Prescott praises Railtrack, despite delays

Deputy Prime Minister John Prescott has praised Railtrack's Christmas engineering work which has seen more than 80 speed limits removed or eased.

But Railtrack admitted that holiday period work on two big re-signalling projects - planned long before the Hatfield crash - had not been completed.

The late running of the projects, at Willesden in north west London and at Leeds, caused delays to West Coast and East Coast mainline services.

Virgin Trains had to cancel 16 services on its West Coast route while East Coast operator GNER was forced to run buses for passengers travelling between Wakefield and Leeds.

Mr Prescott today visited Railtrack's headquarters in London to meet company board members and see how the Christmas engineering work had gone.

He emerged to say: "I'm delighted to see that Railtrack has exceeded its target and has replaced 40 miles of track having planned to do 30 miles."

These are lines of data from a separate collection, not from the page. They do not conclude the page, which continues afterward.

text \<open>Edges processed in the order of the list es (assumed sorted by non-decreasing weight).\<close>
definition greedy_spanner :: "('v set \<Rightarrow> nat) \<Rightarrow> real \<Rightarrow> 'v set list \<Rightarrow> 'v set set" where
  "greedy_spanner w t es = foldl (greedy_step w t) {} es"

definition on_tree_path :: "'v set set \<Rightarrow> 'v \<Rightarrow> 'v \<Rightarrow> 'v \<Rightarrow> bool" where
  "on_tree_path Z r x p \<longleftrightarrow>
     (\<exists>xs. walk Z xs \<and> distinct xs \<and> hd xs = r \<and> last xs = x \<and> p \<in> set xs)"

text \<open>vs is a preorder (DFS) traversal of tree Z rooted at hd vs: every vertex, when visited,
  has its parent (its Z-neighbour on the root path) on the current root path, i.e. on the
  path from the root to the previously visited vertex.\<close>
definition is_preorder :: "'v set \<Rightarrow> 'v set set \<Rightarrow> 'v list \<Rightarrow> bool" where
  "is_preorder V Z vs \<longleftrightarrow> vs \<noteq> [] \<and> distinct vs \<and> set vs = V \<and>
     (\<forall>j. 0 < j \<and> j < length vs \<longrightarrow>
        (\<exists>p. {p, vs ! j} \<in> Z \<and> on_tree_path Z (hd vs) (vs ! j) p
              \<and> on_tree_path Z (hd vs) (vs ! (j - 1)) p))"

text \<open>Position ell_m of vertex vs!m on P (0-indexed list, so ell 0 = 0).\<close>
definition ell :: "('v set \<Rightarrow> nat) \<Rightarrow> 'v set set \<Rightarrow> 'v list \<Rightarrow> nat \<Rightarrow> real" where
  "ell w Z vs m = (\<Sum>j\<in>{1..m}. real_of_ereal (gdist w Z (vs ! (j - 1)) (vs ! j)))"

definition tour_length :: "('v set \<Rightarrow> nat) \<Rightarrow> 'v set set \<Rightarrow> 'v list \<Rightarrow> real" where
  "tour_length w Z vs = ell w Z vs (length vs - 1)"

text \<open>Vertex u lies in interval I_h = {p_((h-1)L/s), ..., p_(hL/s)}.\<close>
definition vertex_in_interval ::
  "('v set \<Rightarrow> nat) \<Rightarrow> 'v set set \<Rightarrow> 'v list \<Rightarrow> nat \<Rightarrow> 'v \<Rightarrow> nat \<Rightarrow> bool" where
  "vertex_in_interval w Z vs s u h \<longleftrightarrow>
     (\<exists>m<length vs. vs ! m = u \<and>
        real (h - 1) * tour_length w Z vs / real s \<le> ell w Z vs m \<and>
        ell w Z vs m \<le> real h * tour_length w Z vs / real s)"

text \<open>Points of P are identified with their index in {0..L}; r j is the index of r_j.
  N_b(j) = {r_h : h in [s], |j-h| <= b}.\<close>
definition Nb :: "nat \<Rightarrow> (nat \<Rightarrow> nat) \<Rightarrow> nat \<Rightarrow> nat \<Rightarrow> nat set" where
  "Nb s r b j = {r h | h. 1 \<le> h \<and> h \<le> s \<and> \<bar>int j - int h\<bar> \<le> int b}"

definition maximal_matching_between :: "'a set \<Rightarrow> 'a set \<Rightarrow> 'a set set \<Rightarrow> bool" where
  "maximal_matching_between A B M \<longleftrightarrow>
     M \<subseteq> {{q, q'} | q q'. q \<in> A \<and> q' \<in> B \<and> q \<noteq> q'} \<and>
     (\<forall>f\<in>M. \<forall>g\<in>M. f \<noteq> g \<longrightarrow> f \<inter> g = {}) \<and>
     (\<forall>q\<in>A. \<forall>q'\<in>B. q \<noteq> q' \<longrightarrow> (\<exists>f\<in>M. q \<in> f \<or> q' \<in> f))"

end

theory Submission
  imports Defs
begin

text \<open>Suppose the representatives \<open>{q, q'}\<close> were matched on behalf of two distinct edges
  \<open>e = {x, y}\<close> and \<open>e' = {x', y'}\<close> of \<open>E\<^sub>i\<close>. The endpoints of a source lie within \<open>b + 1\<close>
  intervals of the matched representatives, i.e. within \<open>\<epsilon> w(e) / 4\<close> of them along \<open>P\<close>, and two
  points of \<open>P\<close> are joined by a tree walk as long as their distance on \<open>P\<close>. Hence \<open>x, x'\<close> and
  \<open>y', y\<close> are joined by tree walks of total weight below \<open>\<epsilon> max(w(e), w(e'))\<close>. Let \<open>e'\<close> be
  processed before \<open>e\<close>. Tree edges lighter than \<open>e\<close> were in the spanner by then (cut property),
  they connect the endpoints of \<open>e\<close> and of \<open>e'\<close> (cycle property), and in a tree the two walks can
  be rerouted through them without getting heavier: either into a walk \<open>x \<leadsto> y\<close>, or into walks
  \<open>x \<leadsto> x'\<close> and \<open>y' \<leadsto> y\<close>, completed by \<open>e'\<close>. Either way the endpoints of \<open>e\<close> were within
  stretch \<open>1 + \<epsilon> \<le> t\<close>, so the greedy algorithm would not have taken \<open>e\<close>.\<close>

section \<open>Walks and reachability\<close>

definition reachable :: "'v set set \<Rightarrow> 'v \<Rightarrow> 'v \<Rightarrow> bool" where
  "reachable F x y \<longleftrightarrow> (\<exists>xs. walk F xs \<and> hd xs = x \<and> last xs = y)"

lemma walk_singleton [simp]: "walk F [x]"
  by (simp add: walk_def)

lemma not_walk_Nil [simp]: "\<not> walk F []"
  by (simp add: walk_def)

lemma walk_Cons_Cons [simp]: "walk F (x # y # zs) \<longleftrightarrow> {x, y} \<in> F \<and> walk F (y # zs)"
  unfolding walk_def by (auto simp: less_Suc_eq_0_disj)

lemma walk_weight_singleton [simp]: "walk_weight w [x] = 0"
  by (simp add: walk_weight_def)

lemma walk_weight_Cons_Cons [simp]:
  "walk_weight w (x # y # zs) = w {x, y} + walk_weight w (y # zs)"
  unfolding walk_weight_def by (simp add: sum.lessThan_Suc_shift del: sum.lessThan_Suc)

lemma walk_Cons: "xs \<noteq> [] \<Longrightarrow> walk F (x # xs) \<longleftrightarrow> {x, hd xs} \<in> F \<and> walk F xs"
  by (cases xs) auto

lemma walk_weight_Cons: "xs \<noteq> [] \<Longrightarrow> walk_weight w (x # xs) = w {x, hd xs} + walk_weight w xs"
  by (cases xs) auto

lemma walk_edge: "walk F xs \<Longrightarrow> Suc i < length xs \<Longrightarrow> {xs ! i, xs ! Suc i} \<in> F"
  unfolding walk_def by auto

lemma walk_mono: "walk F xs \<Longrightarrow> F \<subseteq> G \<Longrightarrow> walk G xs"
  unfolding walk_def by auto

lemma walk_restrict:
  "walk F xs \<Longrightarrow> (\<And>i. Suc i < length xs \<Longrightarrow> {xs ! i, xs ! Suc i} \<in> G) \<Longrightarrow> walk G xs"
  unfolding walk_def by auto

lemma walk_take: "walk F xs \<Longrightarrow> j < length xs \<Longrightarrow> walk F (take (Suc j) xs)"
  unfolding walk_def by auto

lemma walk_drop: "walk F xs \<Longrightarrow> j < length xs \<Longrightarrow> walk F (drop j xs)"
  unfolding walk_def by (auto simp: add.commute[of j])

lemma walk_append:
  assumes "walk F xs" "walk F ys" "last xs = hd ys"
  shows "walk F (xs @ tl ys)"
proof -
  have "xs \<noteq> []" using assms by auto
  then show ?thesis using assms
  proof (induction xs rule: list_nonempty_induct)
    case (single x)
    then show ?case by (cases ys) auto
  qed (auto simp: walk_Cons)
qed

lemma walk_weight_append:
  assumes "xs \<noteq> []" "ys \<noteq> []" "last xs = hd ys"
  shows "walk_weight w (xs @ tl ys) = walk_weight w xs + walk_weight w ys"
  using assms
proof (induction xs rule: list_nonempty_induct)
  case (single x)
  then show ?case by (cases ys) auto
next
  case (cons x xs)
  then show ?case by (cases xs) auto
qed

lemma last_append_tl: "ys \<noteq> [] \<Longrightarrow> last xs = hd ys \<Longrightarrow> last (xs @ tl ys) = last ys"
  by (cases ys) auto

lemma walk_append_edge:
  assumes A: "walk F A" and B: "walk F B" and edge: "{last A, hd B} \<in> F"
  shows "walk F (A @ B)" "walk_weight w (A @ B) = walk_weight w A + w {last A, hd B} + walk_weight w B"
proof -
  have "A \<noteq> []" "B \<noteq> []" using A B by auto
  have step: "walk F [last A, hd B]" "last A = hd [last A, hd B]" using edge by simp_all
  have A': "walk F (A @ [hd B])" "last (A @ [hd B]) = hd B"
    using walk_append[OF A step] by simp_all
  have "A @ B = (A @ [hd B]) @ tl B" using \<open>B \<noteq> []\<close> by simp
  then show "walk F (A @ B)"
    "walk_weight w (A @ B) = walk_weight w A + w {last A, hd B} + walk_weight w B"
    using walk_append[OF A'(1) B A'(2)] walk_weight_append[OF _ \<open>B \<noteq> []\<close> A'(2), of w]
      walk_weight_append[OF \<open>A \<noteq> []\<close> _ step(2), of w]
    by auto
qed

lemma walk_rev:
  assumes "walk F xs"
  shows "walk F (rev xs)" "walk_weight w (rev xs) = walk_weight w xs"
proof -
  have "xs \<noteq> []" using assms by auto
  then have "walk F (rev xs) \<and> walk_weight w (rev xs) = walk_weight w xs" using assms
  proof (induction xs rule: list_nonempty_induct)
    case (cons x xs)
    then have IH: "walk F (rev xs)" "walk_weight w (rev xs) = walk_weight w xs"
      and edge: "{hd xs, x} \<in> F"
      by (auto simp: walk_Cons insert_commute)
    have glue: "last (rev xs) = hd [hd xs, x]" using cons.hyps by (simp add: last_rev)
    have "rev (x # xs) = rev xs @ tl [hd xs, x]" by simp
    then show ?case
      using walk_append[OF IH(1) _ glue] walk_weight_append[OF _ _ glue, of w] edge IH(2) cons.hyps
      by (auto simp: insert_commute walk_weight_Cons)
  qed simp
  then show "walk F (rev xs)" "walk_weight w (rev xs) = walk_weight w xs" by auto
qed

lemma walk_weight_take:
  "j < length xs \<Longrightarrow> walk_weight w (take (Suc j) xs) = (\<Sum>i<j. w {xs ! i, xs ! Suc i})"
  unfolding walk_weight_def by (intro sum.cong) auto

lemma walk_weight_drop:
  "walk_weight w (drop j xs) = (\<Sum>i\<in>{j..<length xs - 1}. w {xs ! i, xs ! Suc i})"
proof -
  have "walk_weight w (drop j xs) = (\<Sum>i<length xs - 1 - j. w {xs ! (j + i), xs ! Suc (j + i)})"
    unfolding walk_weight_def by (intro sum.cong) auto
  also have "\<dots> = (\<Sum>i\<in>{j..<length xs - 1}. w {xs ! i, xs ! Suc i})"
    by (rule sum.reindex_bij_witness[of _ "\<lambda>i. i - j" "\<lambda>i. j + i"]) auto
  finally show ?thesis .
qed

lemma walk_cut_at_edge:
  assumes W: "walk F W" and f: "Suc i < length W" "{W ! i, W ! Suc i} = f"
  obtains A B where "walk (F - {f}) A" "walk (F - {f}) B" "hd A = hd W" "last A \<in> f"
    "hd B \<in> f" "last B = last W"
    "walk_weight w A + walk_weight w B \<le> walk_weight w W" "length A + length B \<le> length W"
proof -
  define S where "S = {i. Suc i < length W \<and> {W ! i, W ! Suc i} = f}"
  have S: "finite S" "i \<in> S" using f by (auto simp: S_def intro: finite_subset[of _ "{..<length W}"])
  define j j' where "j = Min S" and "j' = Max S"
  have "j \<in> S" "j' \<in> S" using S unfolding j_def j'_def by (auto intro: Min_in Max_in)
  moreover have "j \<le> j'" using S Min_le[of S i] Max_ge[of S i] unfolding j_def j'_def by linarith
  ultimately have j: "Suc j < length W" "{W ! j, W ! Suc j} = f"
    and j': "Suc j' < length W" "{W ! j', W ! Suc j'} = f" and "j \<le> j'"
    unfolding S_def by auto
  have not_f: "{W ! l, W ! Suc l} \<noteq> f" if "Suc l < length W" "l < j \<or> j' < l" for l
  proof
    assume "{W ! l, W ! Suc l} = f"
    then have "l \<in> S" using that(1) unfolding S_def by simp
    then show False using that(2) S(1) Min_le[of S l] Max_ge[of S l] unfolding j_def j'_def by linarith
  qed
  define A B where "A = take (Suc j) W" and "B = drop (Suc j') W"
  have "walk (F - {f}) A"
    unfolding A_def
    by (rule walk_restrict[OF walk_take[OF W]]) (use j not_f walk_edge[OF W] in auto)
  moreover have "walk (F - {f}) B"
    unfolding B_def
    by (rule walk_restrict[OF walk_drop[OF W]]) (use j' not_f walk_edge[OF W] in auto)
  moreover have "hd A = hd W" unfolding A_def by (cases W) auto
  moreover have "last A \<in> f" "hd B \<in> f" "last B = last W"
    using j j' by (auto simp: A_def B_def take_Suc_conv_app_nth hd_drop_conv_nth)
  moreover have "walk_weight w A + walk_weight w B \<le> walk_weight w W"
  proof -
    have "walk_weight w A + walk_weight w B
        = (\<Sum>l<j. w {W ! l, W ! Suc l}) + (\<Sum>l\<in>{Suc j'..<length W - 1}. w {W ! l, W ! Suc l})"
      using j by (simp add: A_def B_def walk_weight_take walk_weight_drop)
    also have "\<dots> = (\<Sum>l\<in>{..<j} \<union> {Suc j'..<length W - 1}. w {W ! l, W ! Suc l})"
      using \<open>j \<le> j'\<close> by (subst sum.union_disjoint) auto
    also have "\<dots> \<le> (\<Sum>l<length W - 1. w {W ! l, W ! Suc l})"
      using j by (intro sum_mono2) auto
    finally show ?thesis unfolding walk_weight_def .
  qed
  moreover have "length A + length B \<le> length W"
    using j j' \<open>j \<le> j'\<close> by (simp add: A_def B_def)
  ultimately show ?thesis by (rule that)
qed
lemma finite_shallow_132_involutions: "finite S \<Longrightarrow> finite {p. shallow_132_involution S p}"
  by (rule finite_subset[OF _ finite_permutations]) (auto simp: shallow_132_involution_def)

lemma shallow_132_involution_fixes:
  assumes "shallow_132_involution S p" and "x \<notin> S"
  shows "p x = x"
proof -
  have "p permutes S"
    using assms(1) by (simp add: shallow_132_involution_def)
  then show ?thesis
    using assms(2) by (rule permutes_not_in)
qed

lemma shallow_132_involution_interval_max:
  assumes "a < t" and "shallow_132_involution {a..t} p"
  shows "p t = t \<or> p t = a"
proof -
  have "Min {a..t} = a"
    by (rule Min_eqI) (use assms(1) in auto)
  moreover have "p t = t \<or> p t = Min {a..t}"
    by (rule shallow_132_involution_max[OF finite_atLeastAtMost assms(2)]) (use assms(1) in auto)
  ultimately show ?thesis
    by simp
qed

lemma shallow_132_involutions_Suc_Suc:
  fixes a n :: nat
  defines "t \<equiv> a + Suc n"
  shows "{p. shallow_132_involution {a..<a + Suc (Suc n)} p}
      = {p. shallow_132_involution {a..<t} p}
        \<union> (\<lambda>q. q(a := t, t := a)) ` {q. shallow_132_involution {a<..<t} q}"
proof -
  have closed: "{a..<a + Suc (Suc n)} = {a..t}" and snoc: "{a..t} = insert t {a..<t}"
    and a_less: "a < t"
    unfolding t_def by auto
  have fixed_iff: "shallow_132_involution {a..t} p \<longleftrightarrow> shallow_132_involution {a..<t} p" if "p t = t" for p
    using shallow_132_involution_insert_max[of "{a..<t}" t p] that unfolding snoc by simp
  have outer_iff: "shallow_132_involution {a..t} (q(a := t, t := a)) \<longleftrightarrow> shallow_132_involution {a<..<t} q"
    if "q a = a" and "q t = t" for q
    using shallow_132_involution_add_two_cycle_iff[OF a_less that] .
  have "p \<in> {p. shallow_132_involution {a..<t} p} \<union> (\<lambda>q. q(a := t, t := a)) ` {q. shallow_132_involution {a<..<t} q}"
    if shallow: "shallow_132_involution {a..t} p" for p
    using shallow_132_involution_interval_max[OF a_less shallow]
  proof
    assume "p t = t"
    then show ?thesis
      using fixed_iff shallow by simp
  next
    assume "p t = a"
    then have "p a = t"
      using shallow involutionD[of p t] by (simp add: shallow_132_involution_def)
    then have "p = (p(a := a, t := t))(a := t, t := a)"
      using \<open>p t = a\<close> by (simp add: fun_eq_iff)
    moreover have "shallow_132_involution {a<..<t} (p(a := a, t := t))"
      using outer_iff[of "p(a := a, t := t)"] calculation shallow a_less by simp
    ultimately show ?thesis
      by blast
  qed
  moreover have "shallow_132_involution {a..t} p" if "shallow_132_involution {a..<t} p" for p
    using fixed_iff shallow_132_involution_fixes[OF that] that by simp
  moreover have "shallow_132_involution {a..t} (q(a := t, t := a))" if "shallow_132_involution {a<..<t} q" for q
    using outer_iff shallow_132_involution_fixes[OF that] that by simp
  ultimately show ?thesis
    unfolding closed by auto
qed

He went on: "I want to say thanks to all those people who have worked extremely hard in the most difficult of circumstances."

Mr Prescott added that the rail industry was now on target to meet its commitment of restoring 85% of services by the end of January and to have all services back to normal by Easter.

Railtrack said earlier today that bad weather and technical difficulties had caused the overrun of the Willesden and Leeds work.

After Mr Prescott's visit, Railtrack Chief Executive Steve Marshall said: "We recognise there have been some problems and that Leeds and Willesden are not completely finished, but the Christmas and new year engineering work generally has gone extremely well."

Around 8,000 workers spent Christmas and the new year at more than 60 locations around the country - rerailing and replacing points.

Railtrack said more speed limits would be eased in the coming days and that travellers could rely on faster and more reliable journeys when new timetables on affected lines come in on January 8 and 15.

Mr Marshall said: "Many people have been working around the clock over Christmas and the new year to make sure that rail services improve.

"Everyone at Railtrack knows no effort can be spared until the network is fully restored."